Thidwick the Big-Hearted Moose
- Author: Dr. Seuss
- Illustrator: Dr. Seuss
- Language: English
- Genre: Children's literature
- Publisher: Random House
- Publication date: 1948 (renewed in 1975)
- Publication place: United States
- Media type: Print (hardcover)
- Pages: 41 pages
- ISBN: 0-394-90086-3
- OCLC: 1386296
- Preceded by: McElligot's Pool
- Followed by: Bartholomew and the Oobleck

= Thidwick the Big-Hearted Moose =

Children's book by Dr. Seuss

Thidwick the Big-Hearted Moose is a 1948 children's book by Dr. Seuss.

==Plot==
Thidwick, a moose in a herd numbering approximately sixty who subsist mainly on moose-moss and live on the northern shore of Lake Winna-Bango, grants a small bug's request to ride on his antlers (referred to in the book as "horns") free of charge. The bug takes advantage of the moose's kindness and settles in as a permanent resident, inviting various other animals to live on the moose's antlers.

Thidwick acquiesces to the unexpected living arrangements, treating the animals as "guests" even though he never explicitly gave them permission to live there. His selfish passengers take advantage of his kindness, such as a woodpecker who drills holes in his antlers. The other moose give Thidwick an ultimatum: if he doesn't get rid of his guests then he will be forced to leave the herd.

Thidwick chooses to prioritize his guests' comfort over his own and the herd leaves him behind. Winter comes and the herd swims across the lake to find fresh supplies of moose-moss, but when Thidwick tries to do the same, his guests object to having their home moved. Remaining on the cold, northern shore of the lake, Thidwick faces starvation, while his guests continue inviting other animals to join them, including a 200 kg black bear.

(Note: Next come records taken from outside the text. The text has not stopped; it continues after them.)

lemma zeta_Suc_eq: "\<zeta> (Suc k) = \<delta> * (\<alpha> k)\<^sup>2"
proof (induction k)
  case 0
  have "1 - \<alpha> 0 \<noteq> 0" using alpha_range[of 0] by simp
  then show ?case using zeta_0 zeta_Suc[of 0] by (simp add: field_simps)
next
  case (Suc k)
  then show ?case using zeta_Suc[of "Suc k"] alpha_Suc[of k] delta_pos by (simp add: field_simps)
qed

lemma zeta_pos: "\<zeta> k > 0"
proof (cases k)
  case (Suc j)
  then show ?thesis using alpha_range[of j] delta_pos by (simp add: zeta_Suc_eq)
qed (use zeta_0_pos in simp)

lemma inexact_gradient_eq: "G (zt k) + e k = \<delta> *\<^sub>R (zt k - xt (Suc k))"
  by (simp add: e_eq)

lemma v_Suc_eq:
  assumes inv: "\<zeta> (Suc k) *\<^sub>R (xt k - zt k) + (\<alpha> k * \<zeta> k) *\<^sub>R (v k - zt k) = 0"
  shows "v (Suc k) = xt k + (1 / \<alpha> k) *\<^sub>R (xt (Suc k) - xt k)"
proof -
  define a where "a = \<alpha> k"
  have a: "0 < a" "a < 1" using alpha_range[of k] by (auto simp: a_def)
  have z: "\<zeta> (Suc k) = \<delta> * a\<^sup>2" "\<zeta> (Suc k) = (1 - a) * \<zeta> k + a * \<mu>M"
    using zeta_Suc_eq zeta_Suc by (auto simp: a_def)
  have "(a * \<zeta> k) *\<^sub>R (v k - zt k) = - (\<delta> * a\<^sup>2) *\<^sub>R (xt k - zt k)"
    using inv z(1) by (simp add: a_def eq_neg_iff_add_eq_0 add.commute)
  then have "((1 - a) / a) *\<^sub>R ((a * \<zeta> k) *\<^sub>R (v k - zt k)) = ((1 - a) / a) *\<^sub>R (- (\<delta> * a\<^sup>2) *\<^sub>R (xt k - zt k))"
    by simp
  then have inv': "((1 - a) * \<zeta> k) *\<^sub>R (v k - zt k) = - ((1 - a) * \<delta> * a) *\<^sub>R (xt k - zt k)"
    using a by (simp add: power2_eq_square)
  have "\<zeta> (Suc k) *\<^sub>R v (Suc k)
      = ((1 - a) * \<zeta> k) *\<^sub>R v k + (a * \<mu>M) *\<^sub>R zt k - (a * \<delta>) *\<^sub>R (zt k - xt (Suc k))"
    using zeta_pos[of "Suc k"] by (simp add: v_Suc inexact_gradient_eq scaleR_diff_right scaleR_add_right flip: a_def)
  then have "\<zeta> (Suc k) *\<^sub>R (v (Suc k) - zt k)
      = ((1 - a) * \<zeta> k) *\<^sub>R (v k - zt k) - (a * \<delta>) *\<^sub>R (zt k - xt (Suc k))"
    by (simp add: z(2) algebra_simps)
  also have "\<dots> = (\<delta> * a\<^sup>2) *\<^sub>R (xt k - zt k) + (\<delta> * a) *\<^sub>R (xt (Suc k) - xt k)"
    unfolding inv' by (simp add: algebra_simps power2_eq_square)
  finally have "(\<delta> * a\<^sup>2) *\<^sub>R (v (Suc k) - zt k) = (\<delta> * a\<^sup>2) *\<^sub>R (xt k - zt k + (1 / a) *\<^sub>R (xt (Suc k) - xt k))"
    using a by (simp add: z(1) scaleR_add_right power2_eq_square)
  then show ?thesis using a delta_pos by (simp add: a_def)
qed

(* z_k is the average of x_k and v_k with weights zeta_(k+1) and alpha_k zeta_k; the extrapolation
   coefficient in z_(k+1) is exactly the one that preserves this. *)
lemma estimate_sequence_invariant:
  "\<zeta> (Suc k) *\<^sub>R (xt k - zt k) + (\<alpha> k * \<zeta> k) *\<^sub>R (v k - zt k) = 0"
proof (induction k)
  case 0
  show ?case by (simp add: zt_0 v_0)
next
  case (Suc k)
  define a a' d where "a = \<alpha> k" and "a' = \<alpha> (Suc k)" and "d = xt (Suc k) - xt k"
  define c where "c = a * (1 - a) / (a\<^sup>2 + a')"
  have a: "0 < a" "a < 1" "0 < a'" using alpha_range by (auto simp: a_def a'_def)
  have "a\<^sup>2 + a' > 0" using a by (simp add: add_pos_pos)
  then have c: "c * (a\<^sup>2 + a') = a * (1 - a)" by (simp add: c_def)
  have x: "xt (Suc k) - zt (Suc k) = (- c) *\<^sub>R d"
    by (simp add: zt_Suc c_def d_def flip: a_def a'_def)
  have v: "v (Suc k) - zt (Suc k) = (1 / a - 1 - c) *\<^sub>R d"
    using v_Suc_eq[OF Suc] by (simp add: zt_Suc algebra_simps c_def d_def flip: a_def a'_def)
  have "\<zeta> (Suc (Suc k)) * (- c) + (a' * \<zeta> (Suc k)) * (1 / a - 1 - c) = \<delta> * a' * (a * (1 - a) - c * (a\<^sup>2 + a'))"
    using a by (simp add: zeta_Suc_eq field_simps power2_eq_square flip: a_def a'_def)
  then show ?case
    by (simp add: x v c flip: a'_def scaleR_left_distrib)
qed

lemma inexact_gradient_step:
  "M (xt (Suc k)) \<le> M (zt k) - (norm (G (zt k) + e k))\<^sup>2 / (2 * \<delta>)
     + inner (G (zt k) + e k) (e k) / \<delta>"
proof -
  define g where "g = G (zt k) + e k"
  have x: "xt (Suc k) - zt k = (- 1 / \<delta>) *\<^sub>R g"
    using delta_pos by (simp add: g_def inexact_gradient_eq)
  have "M (xt (Suc k)) \<le> M (zt k) + inner (g - e k) (xt (Suc k) - zt k) + \<delta> / 2 * (norm (xt (Suc k) - zt k))\<^sup>2"
    using descent by (simp add: g_def)
  also have "\<dots> = M (zt k) - (norm g)\<^sup>2 / (2 * \<delta>) + inner g (e k) / \<delta>"
    using delta_pos unfolding x
    by (simp add: inner_diff_left inner_diff_right inner_commute power_mult_distrib power2_norm_eq_inner field_simps power2_eq_square[of \<delta>])
  finally show ?thesis by (simp add: g_def)
qed

lemma psi_Suc_lower:
  "(1 - \<alpha> k) * \<psi>s k + \<alpha> k * M (zt k) - (norm (G (zt k) + e k))\<^sup>2 / (2 * \<delta>)
     - (1 - \<alpha> k) * inner (G (zt k) + e k) (xt k - zt k) \<le> \<psi>s (Suc k)"
proof -
  let ?a = "\<alpha> k" and ?g = "G (zt k) + e k" and ?c = "\<alpha> k * (1 - \<alpha> k) * \<zeta> k / \<zeta> (Suc k)"
  have a: "0 < ?a" "?a < 1" using alpha_range[of k] by auto
  have "\<zeta> (Suc k) * inner ?g (xt k - zt k) + (?a * \<zeta> k) * inner ?g (v k - zt k) = 0"
    using arg_cong[OF estimate_sequence_invariant[of k], of "inner ?g"] by (simp add: inner_add_right)
  then have "(?a * \<zeta> k) * inner ?g (v k - zt k) = - (\<zeta> (Suc k) * inner ?g (xt k - zt k))"
    by linarith
  then have "(1 - ?a) / \<zeta> (Suc k) * ((?a * \<zeta> k) * inner ?g (v k - zt k))
      = - ((1 - ?a) * inner ?g (xt k - zt k))"
    using zeta_pos[of "Suc k"] by simp
  then have cross: "?c * inner ?g (v k - zt k) = - ((1 - ?a) * inner ?g (xt k - zt k))"
    by (simp add: field_simps)
  have sq: "?a\<^sup>2 / (2 * \<zeta> (Suc k)) * (norm ?g)\<^sup>2 = (norm ?g)\<^sup>2 / (2 * \<delta>)"
    using a by (simp add: zeta_Suc_eq)
  have "0 \<le> ?c * (\<mu>M / 2 * (norm (zt k - v k))\<^sup>2)"
    using a zeta_pos[of k] zeta_pos[of "Suc k"] muM_nonneg by simp
  then show ?thesis
    unfolding psi_Suc[of k] distrib_left using cross sq by linarith
qed

lemma estimate_sequence_step:
  assumes "M (xt k) \<le> \<psi>s k + \<epsilon> k"
  shows "M (xt (Suc k)) \<le> \<psi>s (Suc k) + \<epsilon> (Suc k)"
proof -
  have a: "0 \<le> 1 - \<alpha> k" using alpha_range[of k] by simp
  have "(1 - \<alpha> k) * (M (zt k) + inner (G (zt k)) (xt k - zt k)) \<le> (1 - \<alpha> k) * M (xt k)"
    using above_tangent a by (rule mult_left_mono)
  moreover have "(1 - \<alpha> k) * M (xt k) \<le> (1 - \<alpha> k) * (\<psi>s k + \<epsilon> k)"
    using assms a by (rule mult_left_mono)
  ultimately show ?thesis
    using inexact_gradient_step[of k] psi_Suc_lower[of k] eps_Suc[of k]
    by (simp add: algebra_simps add_divide_distrib inner_add_left inner_commute)
qed

lemma estimate_sequence_bound: "M (xt k) \<le> \<psi>s k + \<epsilon> k"
  by (induction k) (simp_all add: psi_0 eps_0 estimate_sequence_step)

end
(* Let $\mathcal{H}$ be a real Hilbert space, let $\Gamma\subseteq\mathbb{R}_{++}$ be nonempty, let $\alpha\in(0,1)$ and let $(T_\gamma)_{\gamma\in\Gamma}$ be a family of $\alpha$-averaged nonexpansive operators $\mathcal{H}\to\mathcal{H}$ with $\operatorname{Fix}T_\gamma\neq\emptyset$ for all $\gamma\in\Gamma$. Let $(\mathcal{Q}_{\delta\leftarrow\gamma})_{\gamma,\delta\in\Gamma}$ be fixed-point relocators for $(T_\gamma)_{\gamma\in\Gamma}$ with Lipschitz constants $(\mathcal{L}_{\delta\leftarrow\gamma})_{\gamma,\delta\in\Gamma}$ in $[1,+\infty)$. Suppose that: (1) for each bounded subset $S\subseteq\bigcup_{\gamma\in\Gamma}(\operatorname{Fix}T_\gamma\times\{\gamma\})$ there exists $L>0$ with $\|\mathcal{Q}_{\delta\leftarrow\gamma}x-\mathcal{Q}_{\gamma\leftarrow\gamma}x\|\le L|\delta-\gamma|$ for all $\delta\in\Gamma$ and all $(x,\gamma)\in S$; (2) the map $\mathcal{H}\times\Gamma\to\mathcal{H}$, $(x,\gamma)\mapsto T_\gamma x$, is continuous; (3) $(T_\gamma)_{\gamma\in\Gamma}$ is uniformly boundedly linearly regular; (4) $(\gamma_n)_{n\in\mathbb{N}}\subseteq\Gamma$ converges $R$-linearly to some $\gamma^*\in\Gamma$, and $\sum_{n\in\mathbb{N}}(\mathcal{L}_{\gamma_{n+1}\leftarrow\gamma_n}-1)<+\infty$. Given $x_0\in\mathcal{H}$, define $x_{n+1}:=\mathcal{Q}_{\gamma_{n+1}\leftarrow\gamma_n}T_{\gamma_n}x_n$ for all $n\in\mathbb{N}$. Then: (i) $(\operatorname{dist}(x_n,\operatorname{Fix}T_{\gamma_n}))_{n\in\mathbb{N}}$ converges $R$-linearly to zero; (ii) $(x_n)_{n\in\mathbb{N}}$ and $(T_{\gamma_n}x_n)_{n\in\mathbb{N}}$ converge $R$-linearly to the same point in $\operatorname{Fix}T_{\gamma^*}$.
   Context: An operator $T:\mathcal{H}\to\mathcal{H}$ is $\alpha$-averaged nonexpansive ($\alpha\in(0,1)$) if $\|Tx-Ty\|^2+\frac{1-\alpha}{\alpha}\|(x-Tx)-(y-Ty)\|^2\le\|x-y\|^2$ for all $x,y$. $\operatorname{Fix}T=\{x: Tx=x\}$, and $\operatorname{dist}(x,C)=\inf_{y\in C}\|x-y\|$. Fixed-point relocators: given a nonempty $\Gamma\subseteq\mathbb{R}_{++}$ and operators $(T_\gamma)_{\gamma\in\Gamma}$ on $\mathcal{H}$, a family of operators $(\mathcal{Q}_{\delta\leftarrow\gamma})_{\delta,\gamma\in\Gamma}$ on $\mathcal{H}$ is called fixed-point relocators for $(T_\gamma)$ with Lipschitz constants $(\mathcal{L}_{\delta\leftarrow\gamma})$ in $[1,\infty)$ if: (a) for all $\gamma,\delta\in\Gamma$, the restriction of $\mathcal{Q}_{\delta\leftarrow\gamma}$ to $\operatorname{Fix}T_\gamma$ is a bijection from $\operatorname{Fix}T_\gamma$ onto $\operatorname{Fix}T_\delta$; (b) for all $\gamma\in\Gamma$ and $x\in\operatorname{Fix}T_\gamma$, the map $\Gamma\to\mathcal{H}$, $\delta\mapsto\mathcal{Q}_{\delta\leftarrow\gamma}x$, is continuous; (c) for all $\gamma,\delta,\epsilon\in\Gamma$ and $x\in\operatorname{Fix}T_\gamma$, $\mathcal{Q}_{\epsilon\leftarrow\delta}\mathcal{Q}_{\delta\leftarrow\gamma}x=\mathcal{Q}_{\epsilon\leftarrow\gamma}x$; (d) each $\mathcal{Q}_{\delta\leftarrow\gamma}$ is $\mathcal{L}_{\delta\leftarrow\gamma}$-Lipschitz continuous. Uniform bounded linear regularity: $(T_\gamma)_{\gamma\in\Gamma}$ is uniformly boundedly linearly regular if for every nonempty bounded $S\subseteq\mathcal{H}$ there is $\kappa>0$ with $\operatorname{dist}(x,\operatorname{Fix}T_\gamma)\le\kappa\|x-T_\gamma x\|$ for all $x\in S$ and all $\gamma\in\Gamma$. A sequence $(a_n)$ converges $R$-linearly to $a$ if there exist $C\ge 0$ and $r\in(0,1)$ with $\|a_n-a\|\le Cr^n$ for all $n$. *)

theory Defs
  imports "HOL-Analysis.Analysis"
begin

A group of hunters spot Thidwick and pursue him, with the goal of shooting him and mounting his head on the wall of the Harvard Club of New York City. Thidwick attempts to outrun the hunters, but the heavy load prevents him from escaping. Just before his capture, however, Thidwick remembers that it is time for him to shed his antlers. At the last moment, he drops his antlers, makes a snide comment to his former guests, and escapes by swimming across the lake to rejoin his herd. His antlers end up mounted on the Harvard Club wall with the now-taxidermied guests still perched on them.

==Meaning==
The story explores the limits of hospitality and sharing. Neil Reynolds has discussed it as a parable of immigration issues and the social welfare state.
Aeon J. Skoble discusses Thidwick at length as an exemplification of the idea of property rights, and particularly of John Locke's formulation of property rights.
Skoble argues that Thidwick is badly mistaken in viewing the other animals as "guests", and that the story demonstrates this. In a later essay in the same volume, Henry Cribbs makes a similar point, considering whether "Thidwick" is a case of squatter's rights. According to critic David Dempsey: "A man of less consistency than Seuss would have let Thidwick be rescued by the creatures he is befriending ... but Seuss' logic is rooted in principle, rather than sentiment, and the sponging animals get what they deserve. Incidentally, this is also what the child expects".

==Adaptations==
- Welcome, a 1986 Soviet animated film
- Thidwick the Big-Hearted Moose, a 1992 direct-to-video short following Horton Hears a Who! (part of the “Dr. Seuss Video Classics” series by Random House Home Video.
- Thidwick the Big-Hearted Moose, an upcoming animated special set for release on Netflix.